You must use an accumulator to solve this problem. |
$ python3 leet.py Type in some text to have it made 1337! Input: Leet speak Leet version: 1337 sp34k $ python3 leet.py Type in some text to have it made 1337! Input: Taylor Swift's new album comes out next month Leet version: 74y10r Swif7's n3w 41bum c0m3s 0u7 n3x7 m0n7h $ python3 leet.py Type in some text to have it made 1337! Input: tattletale tattoo Leet version: 7477137413 747700 $ python3 leet.py Type in some text to have it made 1337! Input: unbudging skunks Leet version: unbudging skunks
Take a look at the last two examples. The string tattletale tattoo
has every letter converted to a number, so the output is a bit strange looking. And the string unbudging skunks
has no letters converted, so the the output looks the same as the input. That’s to be expected!
2. Digitally inspecting texts
We will gradually build up a program that allows users to investigate texts (e.g. novels) that are available through a python library that is installed on the CS lab machines.
You will start by writing a program that searches a text for a word that the user enters. We will show you how to read in all of the words from Jane Austen’s "Emma" as a list of strings. Your program will ask the user what word they want to search for. You will search through the words of the novel and report back how many times the word was found.

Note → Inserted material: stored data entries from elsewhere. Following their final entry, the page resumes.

(* $\operatorname{add}(\mathcal{N})_{\mathrm{game}^*}^{\mathrm{II}} = \mathfrak{c}$. That is, if $\mathcal{A}\subseteq\omega^\omega$ and Player II has a winning strategy in the anti-localizing* game with respect to $\mathcal{A}$, then $|\mathcal{A}|=\mathfrak{c}$ (and such $\mathcal{A}$ of size $\mathfrak{c}$ exist).
   Context: For $k\in\omega$, $[\omega]^{k+1}$ denotes the set of subsets of $\omega$ of size $k+1$. For $\mathcal{A}\subseteq\omega^\omega$, the anti-localizing* game with respect to $\mathcal{A}$: at round $k$, Player I plays $a_k\in[\omega]^{k+1}$ and then Player II plays $n_k\in\omega$. Player II wins iff $\langle n_k:k\in\omega\rangle\in\mathcal{A}$ and $n_k\notin a_k$ for infinitely many $k$. $\operatorname{add}(\mathcal{N})_{\mathrm{game}^*}^{\mathrm{II}}$ is the least $|\mathcal{A}|$ such that Player II has a winning strategy in this game; $\mathfrak{c}=2^{\aleph_0}$. *)

theory Defs
  imports Main "HOL-Library.Equipollence"
begin

definition legal_I :: "(nat \<Rightarrow> nat set) \<Rightarrow> bool" where
  "legal_I a \<longleftrightarrow> (\<forall>k. finite (a k) \<and> card (a k) = Suc k)"

definition play_II :: "(nat set list \<Rightarrow> nat) \<Rightarrow> (nat \<Rightarrow> nat set) \<Rightarrow> nat \<Rightarrow> nat" where
  "play_II \<sigma> a = (\<lambda>k. \<sigma> (map a [0..<Suc k]))"

definition II_wins :: "(nat \<Rightarrow> nat) set \<Rightarrow> (nat \<Rightarrow> nat set) \<Rightarrow> (nat \<Rightarrow> nat) \<Rightarrow> bool" where
  "II_wins A a n \<longleftrightarrow> n \<in> A \<and> infinite {k. n k \<notin> a k}"

definition winning_strategy_II :: "(nat \<Rightarrow> nat) set \<Rightarrow> (nat set list \<Rightarrow> nat) \<Rightarrow> bool" where
  "winning_strategy_II A \<sigma> \<longleftrightarrow> (\<forall>a. legal_I a \<longrightarrow> II_wins A a (play_II \<sigma> a))"

end

theory Submission
  imports Defs
begin

text \<open>If Player II has a winning strategy \<sigma>, then below every legal position \<sigma> must give two
  different answers after two extensions of equal length: otherwise Player I could always play
  a set containing the one answer that \<sigma> gives, so from that point on II never escapes.
  Iterating this splitting yields a binary tree of positions whose 2^\<omega> branches are legal plays
  of Player I answered by pairwise different sequences in A, so the continuum injects into A.
  Conversely \<omega>^\<omega> injects into P(\<omega>) via graphs, and A = \<omega>^\<omega> is won by answering max a_k + 1.\<close>

definition legal_position :: "nat set list \<Rightarrow> bool" where
  "legal_position xs \<longleftrightarrow> (\<forall>i<length xs. finite (xs!i) \<and> card (xs!i) = Suc i)"

lemma legal_position_append_map:
  assumes "legal_position p" and "\<And>i. length p \<le> i \<Longrightarrow> finite (f i) \<and> card (f i) = Suc i"
  shows "legal_position (p @ map f [length p..<j])"
  unfolding legal_position_def
proof (intro allI impI)
  fix i assume i: "i < length (p @ map f [length p..<j])"
  show "finite ((p @ map f [length p..<j]) ! i) \<and> card ((p @ map f [length p..<j]) ! i) = Suc i"
  proof (cases "i < length p")
    case True
    then show ?thesis using assms(1) by (simp add: nth_append legal_position_def)
  next
    case False
    then have "(p @ map f [length p..<j]) ! i = f i" using i by (simp add: nth_append)
    then show ?thesis using assms(2) False by simp
  qed
qed

definition cover_move :: "nat \<Rightarrow> nat \<Rightarrow> nat set" where
  "cover_move j m = (if m \<le> j then {0..j} else insert m {0..<j})"

lemma cover_move_legal: "finite (cover_move j m) \<and> card (cover_move j m) = Suc j"
  by (auto simp: cover_move_def)

lemma mem_cover_move: "m \<in> cover_move j m"
  by (auto simp: cover_move_def)

lemma map_upt_split_prefix:
  assumes "\<And>i. i < length p \<Longrightarrow> a i = p ! i" and "length p \<le> j"
  shows "map a [0..<Suc j] = p @ map a [length p..<Suc j]"
proof -
  have "[0..<Suc j] = [0..<length p] @ [length p..<Suc j]"
    using assms(2) upt_add_eq_append[of 0 "length p" "Suc j - length p"] by simp
  moreover have "map a [0..<length p] = p"
    using assms(1) by (intro nth_equalityI) simp_all
  ultimately show ?thesis by simp
qed

definition splitting_pair ::
    "(nat set list \<Rightarrow> nat) \<Rightarrow> nat set list \<Rightarrow> nat set list \<Rightarrow> nat set list \<Rightarrow> bool" where
  "splitting_pair \<sigma> p q1 q2 \<longleftrightarrow> legal_position (p @ q1) \<and> legal_position (p @ q2) \<and>
     length q1 = length q2 \<and> q1 \<noteq> [] \<and> \<sigma> (p @ q1) \<noteq> \<sigma> (p @ q2)"

text \<open>Player I copies p and then plays \<^const>\<open>cover_move\<close> against the answer \<sigma> gives to the
  canonical continuation by intervals; if \<sigma> ignored the continuation, that answer is the
  actual one, and II loses from round \<^term>\<open>length p\<close> on.\<close>
lemma winning_strategy_II_splits:
  assumes win: "winning_strategy_II A \<sigma>" and p: "legal_position p"
  shows "\<exists>q1 q2. splitting_pair \<sigma> p q1 q2"
proof (rule ccontr)
  assume "\<not> ?thesis"
  then have const: "\<sigma> (p @ q1) = \<sigma> (p @ q2)"
    if "legal_position (p @ q1)" "legal_position (p @ q2)" "length q1 = length q2" "q1 \<noteq> []"
    for q1 q2 using that unfolding splitting_pair_def by blast
  define L where "L = length p"
  define m where "m j = \<sigma> (p @ map (\<lambda>i. {0..i}) [L..<Suc j])" for j
  define a where "a j = (if j < L then p ! j else cover_move j (m j))" for j
  have a_legal: "finite (a k) \<and> card (a k) = Suc k" for k
    using p cover_move_legal by (auto simp: a_def L_def legal_position_def)
  then have "legal_I a" by (simp add: legal_I_def)
  have play: "play_II \<sigma> a j = m j" if "L \<le> j" for j
  proof -
    have "play_II \<sigma> a j = \<sigma> (p @ map a [L..<Suc j])"
      using map_upt_split_prefix[of p a j] that by (simp add: play_II_def a_def L_def)
    also have "\<dots> = m j"
      unfolding m_def using that a_legal
      by (intro const legal_position_append_map[OF p, unfolded L_def[symmetric]]) auto
    finally show ?thesis .
  qed
  have "{k. play_II \<sigma> a k \<notin> a k} \<subseteq> {..<L}"
  proof
    fix k assume "k \<in> {k. play_II \<sigma> a k \<notin> a k}"
    then show "k \<in> {..<L}"
      using play[of k] mem_cover_move[where j = k and m = "m k"] by (cases "k < L") (auto simp: a_def)
  qed
  then have "finite {k. play_II \<sigma> a k \<notin> a k}"
    using finite_subset by blast
  with win \<open>legal_I a\<close> show False
    unfolding winning_strategy_II_def II_wins_def by blast
qed

locale splitting_tree =
  fixes E :: "bool \<Rightarrow> nat set list \<Rightarrow> nat set list"
  assumes legal_extend: "legal_position p \<Longrightarrow> legal_position (p @ E c p)"
    and length_extend: "legal_position p \<Longrightarrow> length (E True p) = length (E False p)"
    and extend_nonempty: "legal_position p \<Longrightarrow> E c p \<noteq> []"
begin

primrec tree_node :: "(nat \<Rightarrow> bool) \<Rightarrow> nat \<Rightarrow> nat set list" where
  "tree_node b 0 = []"
| "tree_node b (Suc n) = tree_node b n @ E (b n) (tree_node b n)"

lemma legal_tree_node: "legal_position (tree_node b n)"
proof (induction n)
  case (Suc n)
  then show ?case using legal_extend by simp
qed (simp add: legal_position_def)

lemma length_tree_node_ge: "n \<le> length (tree_node b n)"
proof (induction n)
  case (Suc n)
  then show ?case
    using extend_nonempty[OF legal_tree_node[of b n]] by (cases "E (b n) (tree_node b n)") auto
qed simp

lemma tree_node_prefix: "n \<le> m \<Longrightarrow> \<exists>r. tree_node b m = tree_node b n @ r"
  by (induction m rule: dec_induct) auto

lemma tree_node_cong: "\<forall>i<n. b i = b' i \<Longrightarrow> tree_node b n = tree_node b' n"
  by (induction n) auto

lemma length_tree_node_Suc_cong:
  "\<forall>i<n. b i = b' i \<Longrightarrow> length (tree_node b (Suc n)) = length (tree_node b' (Suc n))"
  using tree_node_cong[of n b b'] length_extend[OF legal_tree_node, of b n]
  by (cases "b n"; cases "b' n") auto

definition branch :: "(nat \<Rightarrow> bool) \<Rightarrow> nat \<Rightarrow> nat set" where
  "branch b k = tree_node b (Suc k) ! k"

lemma branch_eq_nth: "k < length (tree_node b n) \<Longrightarrow> branch b k = tree_node b n ! k"
proof -
  assume k: "k < length (tree_node b n)"
  obtain r1 where r1: "tree_node b (max n (Suc k)) = tree_node b n @ r1"
    using tree_node_prefix[of n "max n (Suc k)" b] by auto
  obtain r2 where r2: "tree_node b (max n (Suc k)) = tree_node b (Suc k) @ r2"
    using tree_node_prefix[of "Suc k" "max n (Suc k)" b] by auto
  have "k < length (tree_node b (Suc k))"
    using length_tree_node_ge[of "Suc k" b] by simp
  then have "tree_node b (max n (Suc k)) ! k = branch b k"
    unfolding branch_def r2 by (rule nth_append_left)
  moreover have "tree_node b (max n (Suc k)) ! k = tree_node b n ! k"
    unfolding r1 using k by (rule nth_append_left)
  ultimately show ?thesis by simp
qed

lemma legal_I_branch: "legal_I (branch b)"
  unfolding legal_I_def
proof
  fix k
  have "k < length (tree_node b (Suc k))"
    using length_tree_node_ge[of "Suc k" b] by simp
  then show "finite (branch b k) \<and> card (branch b k) = Suc k"
    using legal_tree_node[of b "Suc k"] unfolding legal_position_def branch_def by blast
qed

lemma map_branch_tree_node: "map (branch b) [0..<length (tree_node b n)] = tree_node b n"
  by (rule nth_equalityI) (simp_all add: branch_eq_nth)

lemma play_II_branch_at_node:
  assumes "0 < n"
  shows "play_II \<sigma> (branch b) (length (tree_node b n) - 1) = \<sigma> (tree_node b n)"
proof -
  have "Suc (length (tree_node b n) - 1) = length (tree_node b n)"
    using length_tree_node_ge[of n b] assms by simp
  then show ?thesis
    unfolding play_II_def by (simp only: map_branch_tree_node)
qed

end

lemma lepoll_winning_set:
  assumes win: "winning_strategy_II A \<sigma>"
  shows "(UNIV :: nat set set) \<lesssim> A"
proof -
  define Q where "Q p = (SOME q. splitting_pair \<sigma> p (fst q) (snd q))" for p
  define E where "E c p = (if c then fst (Q p) else snd (Q p))" for c p
  have split: "splitting_pair \<sigma> p (E True p) (E False p)" if p: "legal_position p" for p
  proof -
    obtain q1 q2 where "splitting_pair \<sigma> p q1 q2"
      using winning_strategy_II_splits[OF win p] by blast
    then have "splitting_pair \<sigma> p (fst (q1, q2)) (snd (q1, q2))" by simp
    then have "splitting_pair \<sigma> p (fst (Q p)) (snd (Q p))"
      unfolding Q_def by (rule someI)
    then show ?thesis
      by (simp add: E_def)
  qed
  interpret splitting_tree E
  proof
    fix p c assume "legal_position p"
    with split[of p] show "legal_position (p @ E c p)" "length (E True p) = length (E False p)"
        "E c p \<noteq> []"
      by (cases c; auto simp: splitting_pair_def)+
  qed
  have separate: "play_II \<sigma> (branch b) \<noteq> play_II \<sigma> (branch b')" if "b \<noteq> b'" for b b'
  proof -
    have "\<exists>n. b n \<noteq> b' n" using that by auto
    then obtain n where n: "b n \<noteq> b' n" "\<forall>i<n. b i = b' i"
      unfolding exists_least_iff[of "\<lambda>n. b n \<noteq> b' n"] by blast
    define p where "p = tree_node b n"
    have "tree_node b (Suc n) = p @ E (b n) p"
      by (simp add: p_def)
    moreover have "tree_node b' (Suc n) = p @ E (b' n) p"
      using tree_node_cong[OF n(2)] by (simp add: p_def)
    moreover have "\<sigma> (p @ E True p) \<noteq> \<sigma> (p @ E False p)"
      using split[OF legal_tree_node[of b n]] by (simp add: splitting_pair_def p_def)
    ultimately have "\<sigma> (tree_node b (Suc n)) \<noteq> \<sigma> (tree_node b' (Suc n))"
      using n(1) by (cases "b n") auto
    moreover have "play_II \<sigma> (branch b) (length (tree_node b (Suc n)) - 1) = \<sigma> (tree_node b (Suc n))"
      by (rule play_II_branch_at_node) simp
    moreover have "play_II \<sigma> (branch b') (length (tree_node b (Suc n)) - 1) = \<sigma> (tree_node b' (Suc n))"
      unfolding length_tree_node_Suc_cong[OF n(2)] by (rule play_II_branch_at_node) simp
    ultimately show ?thesis by auto
  qed
  define F where "F S = play_II \<sigma> (branch (\<lambda>x. x \<in> S))" for S :: "nat set"
  have "inj F"
  proof (rule injI)
    fix S T assume "F S = F T"
    then have "(\<lambda>x. x \<in> S) = (\<lambda>x. x \<in> T)"
      using separate[of "\<lambda>x. x \<in> S" "\<lambda>x. x \<in> T"] unfolding F_def by blast
    then show "S = T" by (simp add: set_eq_iff fun_eq_iff)
  qed
  moreover have "range F \<subseteq> A"
    using win legal_I_branch by (auto simp: winning_strategy_II_def II_wins_def F_def)
  ultimately show ?thesis
    unfolding lepoll_def by blast
qed

lemma nat_fun_lepoll_nat_set: "(UNIV :: (nat \<Rightarrow> nat) set) \<lesssim> (UNIV :: nat set set)"
proof -
  define graph where "graph f = range (\<lambda>i. prod_encode (i, f i))" for f :: "nat \<Rightarrow> nat"
  have "inj graph"
  proof (rule injI, rule ext)
    fix f g i assume "graph f = graph g"
    then have "prod_encode (i, f i) \<in> graph g"
      unfolding graph_def by blast
    then obtain j where "prod_encode (i, f i) = prod_encode (j, g j)"
      unfolding graph_def by blast
    then show "f i = g i"
      by auto
  qed
  then show ?thesis
    unfolding lepoll_def by blast
qed

lemma winning_strategy_II_UNIV: "winning_strategy_II UNIV (\<lambda>xs. Suc (Max (last xs)))"
  unfolding winning_strategy_II_def II_wins_def
proof (intro allI impI conjI)
  fix a assume "legal_I a"
  then have finite: "finite (a k)" for k
    by (simp add: legal_I_def)
  have "Suc (Max (a k)) \<notin> a k" for k
    using Max_ge[OF finite[of k], of "Suc (Max (a k))"] by auto
  then have "{k. play_II (\<lambda>xs. Suc (Max (last xs))) a k \<notin> a k} = UNIV"
    by (simp add: play_II_def)
  then show "infinite {k. play_II (\<lambda>xs. Suc (Max (last xs))) a k \<notin> a k}"
    by simp
qed simp

theorem mainTheorem11:
  shows "(\<forall>A :: (nat \<Rightarrow> nat) set. (\<exists>\<sigma>. winning_strategy_II A \<sigma>) \<longrightarrow> A \<approx> (UNIV :: nat set set))
       \<and> (\<exists>A :: (nat \<Rightarrow> nat) set. (\<exists>\<sigma>. winning_strategy_II A \<sigma>) \<and> A \<approx> (UNIV :: nat set set))"
proof -
  have "A \<approx> (UNIV :: nat set set)" if "winning_strategy_II A \<sigma>" for A :: "(nat \<Rightarrow> nat) set" and \<sigma>
  proof (rule lepoll_antisym)
    show "A \<lesssim> (UNIV :: nat set set)"
      using nat_fun_lepoll_nat_set lepoll_trans subset_imp_lepoll by blast
    show "(UNIV :: nat set set) \<lesssim> A"
      using that by (rule lepoll_winning_set)
  qed
  then show ?thesis
    using winning_strategy_II_UNIV by blast
qed

end
lemma rise_potential_le:
  assumes "0 < C" "real x \<le> r"
  shows "rise_potential C K r x \<le> (real K + 1) * (4 / C)"
proof -
  have "level_potential C r (real x) j \<le> 4 / C" for j
  proof (cases "r \<le> 2^j")
    case True
    have "2 * real x / (C * 2^j) \<le> 2 * 2^j / (C * 2^j)"
    proof (rule divide_right_mono)
      show "2 * real x \<le> 2 * 2^j" using True assms by linarith
    qed (use assms in simp)
    also have "\<dots> \<le> 4 / C" using assms by (simp add: field_simps)
    finally show ?thesis using True by (simp add: level_potential_def)
  qed (simp add: level_potential_def)
  then have "rise_potential C K r x \<le> (\<Sum>j\<le>K. 4 / C)"
    unfolding rise_potential_def by (intro sum_mono)
  then show ?thesis by (simp add: algebra_simps)
qed

definition driving_factor :: "real \<Rightarrow> (real \<times> bool) measure" where
  "driving_factor p = density lborel (exponential_density 1) \<Otimes>\<^sub>M measure_pmf (bernoulli_pmf p)"

lemma prob_space_driving_factor: "prob_space (driving_factor p)"
  unfolding driving_factor_def
  by (intro prob_space_pair prob_space_exponential_density prob_space_measure_pmf) simp

lemma driving_space_eq_PiM: "driving_space p = PiM UNIV (\<lambda>_. driving_factor p)"
  unfolding driving_space_def driving_factor_def ..

lemma nn_integral_driving_factor_snd:
  assumes "0 \<le> p" "p \<le> 1"
  shows "(\<integral>\<^sup>+s. f (snd s) \<partial>driving_factor p) = f True * ennreal p + f False * ennreal (1 - p)"
proof -
  interpret E: prob_space "density lborel (exponential_density (1::real))"
    by (rule prob_space_exponential_density) simp
  interpret P: pair_sigma_finite "density lborel (exponential_density (1::real))"
    "measure_pmf (bernoulli_pmf p)" ..
  have "(\<integral>\<^sup>+s. f (snd s) \<partial>driving_factor p)
        = (\<integral>\<^sup>+b. \<integral>\<^sup>+e. f (snd (e, b))
             \<partial>density lborel (exponential_density 1) \<partial>measure_pmf (bernoulli_pmf p))"
    unfolding driving_factor_def by (rule P.nn_integral_snd[symmetric]) simp
  also have "\<dots> = (\<integral>\<^sup>+b. f b \<partial>measure_pmf (bernoulli_pmf p))"
    using E.emeasure_space_1 by simp
  also have "\<dots> = f True * ennreal p + f False * ennreal (1 - p)"
    using assms by (subst nn_integral_bernoulli_pmf) auto
  finally show ?thesis .
qed

lemma measurable_shift:
  "(\<lambda>\<omega> i. \<omega> (Suc i)) \<in> PiM UNIV (\<lambda>_. M) \<rightarrow>\<^sub>M PiM UNIV (\<lambda>_. M)"
  by (rule measurable_PiM_single') (auto simp: space_PiM)

lemma (in sequence_space) nn_integral_split_head:
  assumes "case_prod f \<in> borel_measurable (M \<Otimes>\<^sub>M S)"
  shows "(\<integral>\<^sup>+\<omega>. f (\<omega> 0) (\<lambda>i. \<omega> (Suc i)) \<partial>S) = (\<integral>\<^sup>+s. \<integral>\<^sup>+\<omega>. f s \<omega> \<partial>S \<partial>M)"
proof -
  have cons: "(\<lambda>(s, \<omega>). case_nat s \<omega>) \<in> M \<Otimes>\<^sub>M S \<rightarrow>\<^sub>M S"
    by measurable
  have "(\<lambda>\<omega>. (\<omega> 0, \<lambda>i. \<omega> (Suc i))) \<in> S \<rightarrow>\<^sub>M M \<Otimes>\<^sub>M S"
    by (intro measurable_Pair measurable_component_singleton measurable_shift) auto
  from measurable_compose[OF this assms]
  have head_tail: "(\<lambda>\<omega>. f (\<omega> 0) (\<lambda>i. \<omega> (Suc i))) \<in> borel_measurable S"
    by simp
  have "(\<integral>\<^sup>+\<omega>. f (\<omega> 0) (\<lambda>i. \<omega> (Suc i)) \<partial>S)
        = (\<integral>\<^sup>+\<omega>. f (\<omega> 0) (\<lambda>i. \<omega> (Suc i)) \<partial>distr (M \<Otimes>\<^sub>M S) S (\<lambda>(s, \<omega>). case_nat s \<omega>))"
    by (simp only: PiM_iter)
  also have "\<dots> = (\<integral>\<^sup>+z. f (fst z) (snd z) \<partial>(M \<Otimes>\<^sub>M S))"
    by (subst nn_integral_distr[OF cons]) (simp_all add: head_tail split_beta')
  also have "\<dots> = (\<integral>\<^sup>+s. \<integral>\<^sup>+\<omega>. f s \<omega> \<partial>S \<partial>M)"
    using P.nn_integral_fst[OF assms] by (simp add: split_beta')
  finally show ?thesis .
qed

lemma measurable_bd_step_head:
  "(\<lambda>\<omega>. bd_step x (snd (\<omega> (0::nat)))) \<in> PiM UNIV (\<lambda>_. driving_factor p) \<rightarrow>\<^sub>M count_space UNIV"
proof -
  have "(\<lambda>s. bd_step x (snd s)) \<in> driving_factor p \<rightarrow>\<^sub>M count_space UNIV"
    unfolding driving_factor_def bd_step_def by measurable
  then show ?thesis
    by (rule measurable_compose[OF measurable_component_singleton, rotated]) simp
qed

lemma pred_rises: "Measurable.pred (PiM UNIV (\<lambda>_. driving_factor p)) (rises C n r x)"
proof (induction n arbitrary: r x)
  case 0
  show ?case by simp
next
  case (Suc n)
  have "Measurable.pred (PiM UNIV (\<lambda>_. driving_factor p))
          (\<lambda>\<omega>. rises C n (min r (real x)) (bd_step x (snd (\<omega> 0))) (\<lambda>i. \<omega> (Suc i)))"
    by (rule measurable_compose_countable[OF _ measurable_bd_step_head])
      (rule measurable_compose[OF measurable_shift Suc.IH])
  then show ?case by simp
qed

lemma sets_rises:
  "{\<omega> \<in> space (driving_space p). \<exists>n. rises C n r x \<omega>} \<in> sets (driving_space p)"
proof -
  have "Measurable.pred (driving_space p) (\<lambda>\<omega>. \<exists>n. rises C n r x \<omega>)"
    unfolding driving_space_eq_PiM by (intro pred_intros_countable pred_rises)
  then show ?thesis by (simp add: pred_def)
qed

text \<open>Optional stopping for the supermartingale \<open>rise_potential\<close>, which is at least 1 once the
  chain has risen.\<close>
lemma nn_integral_rises_le:
  assumes p: "0 \<le> p" "p \<le> 1/2" and C: "1 \<le> C" and K: "max r 1 \<le> 2^K"
  shows "(\<integral>\<^sup>+\<omega>. (if rises C n r x \<omega> then 1 else 0) \<partial>PiM UNIV (\<lambda>_. driving_factor p))
         \<le> ennreal (rise_potential C K r x)"
proof -
  interpret F: prob_space "driving_factor p" by (rule prob_space_driving_factor)
  interpret S: sequence_space "driving_factor p" ..
  show ?thesis
    using K
  proof (induction n arbitrary: r x)
    case (0 r x)
    show ?case
    proof (cases "C * max r 1 < real x")
      case True
      then have "1 \<le> rise_potential C K r x"
        using rise_potential_ge_1 C 0 by simp
      then show ?thesis using S.emeasure_space_1 by (simp add: ennreal_leI)
    qed simp
  next
    case (Suc n r x)
    let ?S = "PiM UNIV (\<lambda>_. driving_factor p)" and ?r = "min r (real x)"
    show ?case
    proof (cases "C * max r 1 < real x")
      case True
      then have "1 \<le> rise_potential C K r x"
        using rise_potential_ge_1 C Suc.prems by simp
      then show ?thesis using S.emeasure_space_1 True by (simp add: ennreal_leI)
    next
      case False
      have "(\<lambda>z. if rises C n ?r (bd_step x (snd (fst z))) (snd z) then 1 else 0 :: ennreal)
              \<in> borel_measurable (driving_factor p \<Otimes>\<^sub>M ?S)"
      proof (rule measurable_compose_countable[where f = "\<lambda>y z. if rises C n ?r y (snd z) then 1 else 0"])
        show "(\<lambda>z. bd_step x (snd (fst z))) \<in> driving_factor p \<Otimes>\<^sub>M ?S \<rightarrow>\<^sub>M count_space UNIV"
          unfolding driving_factor_def bd_step_def by measurable
        show "(\<lambda>z. if rises C n ?r y (snd z) then 1 else 0 :: ennreal)
              \<in> borel_measurable (driving_factor p \<Otimes>\<^sub>M ?S)" for y
          using pred_rises[where p = p and C = C and n = n and r = ?r and x = y] by measurable
      qed
      then have "case_prod (\<lambda>s \<omega>. if rises C n ?r (bd_step x (snd s)) \<omega> then 1 else 0 :: ennreal)
              \<in> borel_measurable (driving_factor p \<Otimes>\<^sub>M ?S)"
        by (simp add: split_beta')
      then have "(\<integral>\<^sup>+\<omega>. (if rises C (Suc n) r x \<omega> then 1 else 0) \<partial>?S)
            = (\<integral>\<^sup>+s. \<integral>\<^sup>+\<omega>. (if rises C n ?r (bd_step x (snd s)) \<omega> then 1 else 0) \<partial>?S \<partial>driving_factor p)"
        using False by (simp add: S.nn_integral_split_head[symmetric])
      also have "\<dots> \<le> (\<integral>\<^sup>+s. ennreal (rise_potential C K ?r (bd_step x (snd s))) \<partial>driving_factor p)"
        using Suc.prems by (intro nn_integral_mono Suc.IH) auto
      also have "\<dots> = ennreal (rise_potential C K ?r (bd_step x True)) * ennreal p
                        + ennreal (rise_potential C K ?r (bd_step x False)) * ennreal (1 - p)"
        using p by (intro nn_integral_driving_factor_snd) auto
      also have "\<dots> = ennreal (p * rise_potential C K ?r (bd_step x True)
                              + (1 - p) * rise_potential C K ?r (bd_step x False))"
        using p C rise_potential_nonneg[of C K]
        by (simp add: ennreal_mult'' ennreal_plus mult.commute)
      also have "\<dots> \<le> ennreal (rise_potential C K r x)"
        using rise_potential_bd_step_le[of C p K r x] p C by (intro ennreal_leI) simp
      finally show ?thesis .
    qed
  qed
qed
lemma norm_zhat_truncated_chi_le:
  fixes l m n \<alpha> \<beta> :: nat and e :: int and y :: real
  assumes "l \<le> m" "\<beta> < m"
    and y: "y = real \<beta> - real m / real n * real \<alpha> + real m * of_int e"
    and y_bounds: "0 < y" "y < m"
  shows "cmod (zhat m (\<lambda>x. if x < l then chi n \<alpha> x else 0) \<beta>) \<le> 1 / (2 * min y (m - y))"
proof -
  have m: "0 < m" using assms by simp
  define w where "w = cis (2 * pi * (\<alpha> / n - \<beta> / m))"
  have zhat: "zhat m (\<lambda>x. if x < l then chi n \<alpha> x else 0) \<beta> = (1 / of_nat m) * (\<Sum>x<l. w ^ x)"
    unfolding w_def by (rule zhat_truncated_chi[OF assms(1)])
  define t where "t = 1 - y / m"
  have t: "0 < t" "t < 1" using assms m by (auto simp: t_def field_simps)
  have "2 * pi * (\<alpha> / n - \<beta> / m) + 2 * pi * of_int (1 - e) = 2 * pi * t"
    using m unfolding t_def y by (simp add: field_simps)
  then have w: "w = cis (2 * pi * t)"
    by (metis w_def cis_mult mult_1_right cis_multiple_2pi Ints_of_int)
  have "4 * min t (1 - t) \<le> cmod (1 - w)"
    unfolding w using norm_1_minus_cis_ge t by simp
  moreover have "4 * min t (1 - t) = 4 / m * min y (m - y)"
    using m by (simp add: t_def min_def field_simps)
  ultimately have gap: "4 / m * min y (m - y) \<le> cmod (1 - w)" by simp
  have pos: "0 < 4 / m * min y (m - y)" using assms m by simp
  have "w \<noteq> 1" "cmod w = 1" using gap pos by (auto simp: w)
  then have sum_le: "cmod (\<Sum>x<l. w ^ x) \<le> 2 / cmod (1 - w)" by (rule norm_sum_power_le[rotated])
  have "cmod (zhat m (\<lambda>x. if x < l then chi n \<alpha> x else 0) \<beta>) = cmod (\<Sum>x<l. w ^ x) / m"
    unfolding zhat by (simp add: norm_mult norm_divide)
  also have "\<dots> \<le> 2 / cmod (1 - w) / m"
    using sum_le by (rule divide_right_mono) simp
  also have "\<dots> \<le> 2 / (4 / m * min y (m - y)) / m"
    using gap pos m y_bounds \<open>w \<noteq> 1\<close> by (intro divide_right_mono divide_left_mono mult_pos_pos) simp_all
  also have "\<dots> = 1 / (2 * min y (m - y))"
    using m by (simp add: field_simps)
  finally show ?thesis .
qed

To get a list of words from the user, you’ll use the nltk
library. Put the following line at the top of your program, which you will save in the file find.py
.
import nltk
Once the nltk
library has been imported, you can get the words from any number of files that are included with
nltk
. We will start with Jane Austen’s "Emma", which is accessible through the nltk
library using the file name 'austen-emma.txt'
. The nltk
library will automatically read that file for you and store all of the words in a list of strings:
file_name = 'austen-emma.txt'
words = nltk.corpus.gutenberg.words(file_name)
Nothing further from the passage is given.